DATASET CONTENT:

section \<open>The Moore--Penrose inverse and orthogonal projectors\<close>

text \<open>Split \<open>y \<in> R(B\<^sup>*)\<close> orthogonally along \<open>R(B\<^sup>*B)\<close>: the orthogonal part \<open>t = B\<^sup>*u\<close>
  satisfies \<open>|Bt|\<^sup>2 = \<langle>t, B\<^sup>*Bt\<rangle> = 0\<close>, hence \<open>|t|\<^sup>2 = \<langle>Bt, u\<rangle> = 0\<close>.\<close>

lemma colsp_cstar_subset_gram: "colsp (cstar B) \<subseteq> colsp (cstar B ** (B::complex^'n^'m))"
proof
  fix y assume y: "y \<in> colsp (cstar B)"
  let ?S = "colsp (cstar B ** B)"
  have span_S: "span ?S = ?S"
    using subspace_colsp span_eq_iff by blast
  obtain s t where s: "s \<in> span ?S" and t: "\<And>w. w \<in> span ?S \<Longrightarrow> orthogonal t w"
    and yst: "y = s + t"
    using orthogonal_subspace_decomp_exists by metis
  have "s \<in> colsp (cstar B)"
    using s span_S colsp_mult_subset by blast
  then have "t \<in> colsp (cstar B)"
    using y yst subspace_colsp by (metis add_diff_cancel_left' subspace_diff)
  then obtain u where u: "t = cstar B *v u"
    by (auto simp: colsp_def)
  have "t \<bullet> ((cstar B ** B) *v t) = 0"
    using t mult_vec_in_colsp span_base orthogonal_def by blast
  then have "(B *v t) \<bullet> (B *v t) = 0"
    by (simp add: cstar_adjoint matrix_vector_mul_assoc)
  then have "B *v t = 0"
    by simp
  moreover have "t \<bullet> t = (B *v t) \<bullet> u"
    using u cstar_adjoint by metis
  ultimately have "t = 0"
    by simp
  then show "y \<in> ?S"
    using yst s span_S by simp
qed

HOW TO COMPLETE THIS TASK:
Show each line of the records above containing "then".

RESPONSE TO THIS EXERCISE:
  then have "t \<in> colsp (cstar B)"
  then obtain u where u: "t = cstar B *v u"
  then have "(B *v t) \<bullet> (B *v t) = 0"
  then have "B *v t = 0"
  then show "y \<in> ?S"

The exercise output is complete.